> _SOURCE RECORDS_
Start of Block
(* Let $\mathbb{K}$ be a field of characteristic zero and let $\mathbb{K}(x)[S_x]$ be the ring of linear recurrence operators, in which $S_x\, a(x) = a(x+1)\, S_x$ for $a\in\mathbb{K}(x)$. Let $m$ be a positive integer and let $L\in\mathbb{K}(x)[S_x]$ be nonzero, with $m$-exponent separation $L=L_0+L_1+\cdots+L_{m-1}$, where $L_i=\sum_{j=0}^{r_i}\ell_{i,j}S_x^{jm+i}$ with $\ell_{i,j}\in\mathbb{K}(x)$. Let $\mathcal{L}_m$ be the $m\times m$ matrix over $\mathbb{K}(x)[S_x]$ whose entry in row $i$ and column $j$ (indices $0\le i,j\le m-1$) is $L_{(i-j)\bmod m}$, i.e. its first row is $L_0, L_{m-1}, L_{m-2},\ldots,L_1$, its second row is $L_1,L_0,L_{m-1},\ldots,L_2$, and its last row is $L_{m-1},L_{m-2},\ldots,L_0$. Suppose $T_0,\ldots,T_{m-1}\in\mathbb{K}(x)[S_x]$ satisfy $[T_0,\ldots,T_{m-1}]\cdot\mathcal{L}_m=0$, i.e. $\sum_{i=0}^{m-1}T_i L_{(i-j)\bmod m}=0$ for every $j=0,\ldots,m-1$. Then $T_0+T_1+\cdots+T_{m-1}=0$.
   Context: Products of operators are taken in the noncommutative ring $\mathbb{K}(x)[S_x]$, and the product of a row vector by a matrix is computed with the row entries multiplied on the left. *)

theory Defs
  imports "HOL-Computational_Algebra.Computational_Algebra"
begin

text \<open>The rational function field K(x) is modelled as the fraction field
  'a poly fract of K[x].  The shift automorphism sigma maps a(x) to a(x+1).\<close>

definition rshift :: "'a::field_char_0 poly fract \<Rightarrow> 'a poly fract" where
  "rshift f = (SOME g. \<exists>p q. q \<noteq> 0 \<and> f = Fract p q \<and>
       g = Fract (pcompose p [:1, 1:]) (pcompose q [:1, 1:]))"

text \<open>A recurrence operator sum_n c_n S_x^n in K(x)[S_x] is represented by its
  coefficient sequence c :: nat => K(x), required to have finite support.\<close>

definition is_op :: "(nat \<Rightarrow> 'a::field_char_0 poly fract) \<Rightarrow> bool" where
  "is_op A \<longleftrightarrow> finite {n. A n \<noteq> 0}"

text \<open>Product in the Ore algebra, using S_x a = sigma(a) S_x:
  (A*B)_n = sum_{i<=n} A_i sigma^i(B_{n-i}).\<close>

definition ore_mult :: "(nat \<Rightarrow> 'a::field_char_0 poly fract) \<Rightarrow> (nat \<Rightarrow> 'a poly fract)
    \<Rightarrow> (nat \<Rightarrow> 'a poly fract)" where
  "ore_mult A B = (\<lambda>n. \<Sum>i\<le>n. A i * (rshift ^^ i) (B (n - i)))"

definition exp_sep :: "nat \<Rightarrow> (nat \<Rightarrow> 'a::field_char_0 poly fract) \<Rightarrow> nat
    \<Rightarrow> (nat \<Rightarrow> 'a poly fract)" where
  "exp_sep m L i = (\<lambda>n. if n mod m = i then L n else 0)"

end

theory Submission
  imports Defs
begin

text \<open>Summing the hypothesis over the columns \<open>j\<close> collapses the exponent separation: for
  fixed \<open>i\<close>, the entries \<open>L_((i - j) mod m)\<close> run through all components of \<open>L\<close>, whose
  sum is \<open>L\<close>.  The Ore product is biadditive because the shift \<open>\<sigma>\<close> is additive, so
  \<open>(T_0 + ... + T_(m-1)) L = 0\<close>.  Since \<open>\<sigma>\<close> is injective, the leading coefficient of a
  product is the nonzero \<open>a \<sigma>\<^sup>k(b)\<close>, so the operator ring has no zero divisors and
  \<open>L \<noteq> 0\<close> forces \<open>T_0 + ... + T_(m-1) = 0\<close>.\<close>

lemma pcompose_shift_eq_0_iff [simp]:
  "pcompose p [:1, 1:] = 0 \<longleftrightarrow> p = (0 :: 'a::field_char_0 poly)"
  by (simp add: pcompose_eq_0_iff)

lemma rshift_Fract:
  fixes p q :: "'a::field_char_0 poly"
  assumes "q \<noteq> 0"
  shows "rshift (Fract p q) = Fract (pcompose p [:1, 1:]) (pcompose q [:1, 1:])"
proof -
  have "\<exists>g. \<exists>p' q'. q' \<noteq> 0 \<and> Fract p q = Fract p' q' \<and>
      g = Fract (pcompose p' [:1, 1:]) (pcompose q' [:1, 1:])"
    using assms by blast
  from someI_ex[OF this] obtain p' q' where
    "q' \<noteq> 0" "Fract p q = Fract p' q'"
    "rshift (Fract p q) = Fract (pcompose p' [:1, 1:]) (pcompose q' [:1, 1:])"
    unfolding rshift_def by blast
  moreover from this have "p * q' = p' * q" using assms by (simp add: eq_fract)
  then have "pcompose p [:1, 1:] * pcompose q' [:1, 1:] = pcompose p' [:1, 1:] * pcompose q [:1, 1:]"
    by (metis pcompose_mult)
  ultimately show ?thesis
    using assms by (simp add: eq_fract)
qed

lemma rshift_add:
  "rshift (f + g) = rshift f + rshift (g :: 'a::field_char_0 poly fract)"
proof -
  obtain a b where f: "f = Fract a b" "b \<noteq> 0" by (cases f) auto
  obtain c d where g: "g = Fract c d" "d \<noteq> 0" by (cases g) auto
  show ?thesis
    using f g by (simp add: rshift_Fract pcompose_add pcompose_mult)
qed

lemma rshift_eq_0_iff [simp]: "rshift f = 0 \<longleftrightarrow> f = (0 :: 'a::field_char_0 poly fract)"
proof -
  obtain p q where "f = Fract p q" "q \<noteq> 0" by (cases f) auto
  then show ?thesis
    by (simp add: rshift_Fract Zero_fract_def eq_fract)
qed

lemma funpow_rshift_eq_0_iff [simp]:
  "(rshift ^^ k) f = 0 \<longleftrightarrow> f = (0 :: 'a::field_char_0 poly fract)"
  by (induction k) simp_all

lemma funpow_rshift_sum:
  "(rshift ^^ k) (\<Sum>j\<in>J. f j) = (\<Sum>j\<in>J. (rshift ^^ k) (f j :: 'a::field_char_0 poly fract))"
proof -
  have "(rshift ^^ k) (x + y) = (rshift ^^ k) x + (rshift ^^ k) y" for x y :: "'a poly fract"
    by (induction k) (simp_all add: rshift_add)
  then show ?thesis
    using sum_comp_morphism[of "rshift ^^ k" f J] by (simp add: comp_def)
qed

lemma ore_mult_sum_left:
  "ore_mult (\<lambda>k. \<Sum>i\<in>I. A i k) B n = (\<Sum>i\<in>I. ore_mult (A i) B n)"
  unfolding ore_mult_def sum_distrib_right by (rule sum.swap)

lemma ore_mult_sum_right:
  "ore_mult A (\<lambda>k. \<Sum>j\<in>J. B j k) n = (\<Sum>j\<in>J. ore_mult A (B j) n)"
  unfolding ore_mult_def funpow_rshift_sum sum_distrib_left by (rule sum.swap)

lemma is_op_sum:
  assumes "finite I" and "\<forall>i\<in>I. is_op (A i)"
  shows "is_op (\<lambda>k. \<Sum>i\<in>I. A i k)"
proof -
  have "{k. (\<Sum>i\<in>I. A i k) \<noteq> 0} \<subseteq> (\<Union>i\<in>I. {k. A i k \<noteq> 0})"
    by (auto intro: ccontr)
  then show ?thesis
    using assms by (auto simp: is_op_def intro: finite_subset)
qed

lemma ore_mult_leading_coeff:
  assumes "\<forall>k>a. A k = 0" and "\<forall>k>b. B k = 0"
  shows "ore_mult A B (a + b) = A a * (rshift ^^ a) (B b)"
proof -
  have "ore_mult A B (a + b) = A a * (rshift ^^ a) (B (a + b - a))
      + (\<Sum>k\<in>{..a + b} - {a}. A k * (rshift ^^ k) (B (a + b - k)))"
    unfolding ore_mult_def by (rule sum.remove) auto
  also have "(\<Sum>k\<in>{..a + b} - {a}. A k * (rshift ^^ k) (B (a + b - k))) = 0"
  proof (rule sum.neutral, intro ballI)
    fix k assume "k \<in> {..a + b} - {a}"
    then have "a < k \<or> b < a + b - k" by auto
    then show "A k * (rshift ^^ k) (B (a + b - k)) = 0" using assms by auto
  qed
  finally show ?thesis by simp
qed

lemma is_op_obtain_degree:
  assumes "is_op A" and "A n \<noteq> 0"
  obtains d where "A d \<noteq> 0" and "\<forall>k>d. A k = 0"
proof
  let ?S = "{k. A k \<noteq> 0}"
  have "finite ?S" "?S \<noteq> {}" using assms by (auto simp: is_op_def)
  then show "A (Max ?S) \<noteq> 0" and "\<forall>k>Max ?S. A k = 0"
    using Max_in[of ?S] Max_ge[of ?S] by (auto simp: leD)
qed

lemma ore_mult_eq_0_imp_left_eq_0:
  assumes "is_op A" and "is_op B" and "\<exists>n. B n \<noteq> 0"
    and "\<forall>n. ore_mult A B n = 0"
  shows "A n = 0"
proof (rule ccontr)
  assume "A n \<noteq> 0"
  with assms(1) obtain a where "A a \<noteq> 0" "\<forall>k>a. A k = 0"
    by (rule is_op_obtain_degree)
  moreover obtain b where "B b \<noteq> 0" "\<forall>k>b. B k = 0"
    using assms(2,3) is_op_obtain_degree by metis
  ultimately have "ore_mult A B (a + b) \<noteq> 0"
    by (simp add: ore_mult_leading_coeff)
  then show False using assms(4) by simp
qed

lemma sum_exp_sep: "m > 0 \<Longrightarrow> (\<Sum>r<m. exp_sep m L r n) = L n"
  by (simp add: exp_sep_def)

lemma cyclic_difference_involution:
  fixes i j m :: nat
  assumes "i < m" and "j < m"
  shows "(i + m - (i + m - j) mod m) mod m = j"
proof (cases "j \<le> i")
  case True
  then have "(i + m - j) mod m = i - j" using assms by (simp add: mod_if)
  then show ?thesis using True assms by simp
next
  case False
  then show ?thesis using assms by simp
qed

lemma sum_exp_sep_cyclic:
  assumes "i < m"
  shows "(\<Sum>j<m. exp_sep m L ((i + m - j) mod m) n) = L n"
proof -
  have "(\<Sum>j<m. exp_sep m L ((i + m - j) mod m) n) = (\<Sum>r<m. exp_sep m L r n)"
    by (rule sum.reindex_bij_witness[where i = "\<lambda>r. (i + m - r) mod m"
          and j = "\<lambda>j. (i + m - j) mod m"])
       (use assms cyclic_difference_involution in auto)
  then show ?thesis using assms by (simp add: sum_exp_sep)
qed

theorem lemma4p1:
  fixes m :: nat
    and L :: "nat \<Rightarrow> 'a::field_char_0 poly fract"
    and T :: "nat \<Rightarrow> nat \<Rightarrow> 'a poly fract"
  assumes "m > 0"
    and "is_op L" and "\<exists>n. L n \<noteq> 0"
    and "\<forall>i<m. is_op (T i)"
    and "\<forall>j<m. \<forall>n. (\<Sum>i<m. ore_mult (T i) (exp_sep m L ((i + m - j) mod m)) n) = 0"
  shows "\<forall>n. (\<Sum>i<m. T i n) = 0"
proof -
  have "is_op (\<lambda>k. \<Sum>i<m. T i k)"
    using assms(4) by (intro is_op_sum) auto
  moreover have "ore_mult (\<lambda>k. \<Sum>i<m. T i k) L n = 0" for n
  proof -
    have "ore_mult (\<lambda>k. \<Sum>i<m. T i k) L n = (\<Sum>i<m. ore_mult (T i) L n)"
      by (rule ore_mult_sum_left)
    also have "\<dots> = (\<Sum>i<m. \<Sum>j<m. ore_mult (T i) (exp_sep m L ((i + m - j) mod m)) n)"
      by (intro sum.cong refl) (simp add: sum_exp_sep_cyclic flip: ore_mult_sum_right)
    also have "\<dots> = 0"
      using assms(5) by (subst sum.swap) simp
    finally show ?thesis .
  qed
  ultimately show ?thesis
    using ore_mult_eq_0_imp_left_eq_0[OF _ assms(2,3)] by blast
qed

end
End of Block
> _DIRECTIONS_
Your answer should be the lines of the records that hold the string "intro".

> _TASK ANSWER_
    by (auto intro: ccontr)
    using assms by (auto simp: is_op_def intro: finite_subset)
  proof (rule sum.neutral, intro ballI)
    using assms(4) by (intro is_op_sum) auto
      by (intro sum.cong refl) (simp add: sum_exp_sep_cyclic flip: ore_mult_sum_right)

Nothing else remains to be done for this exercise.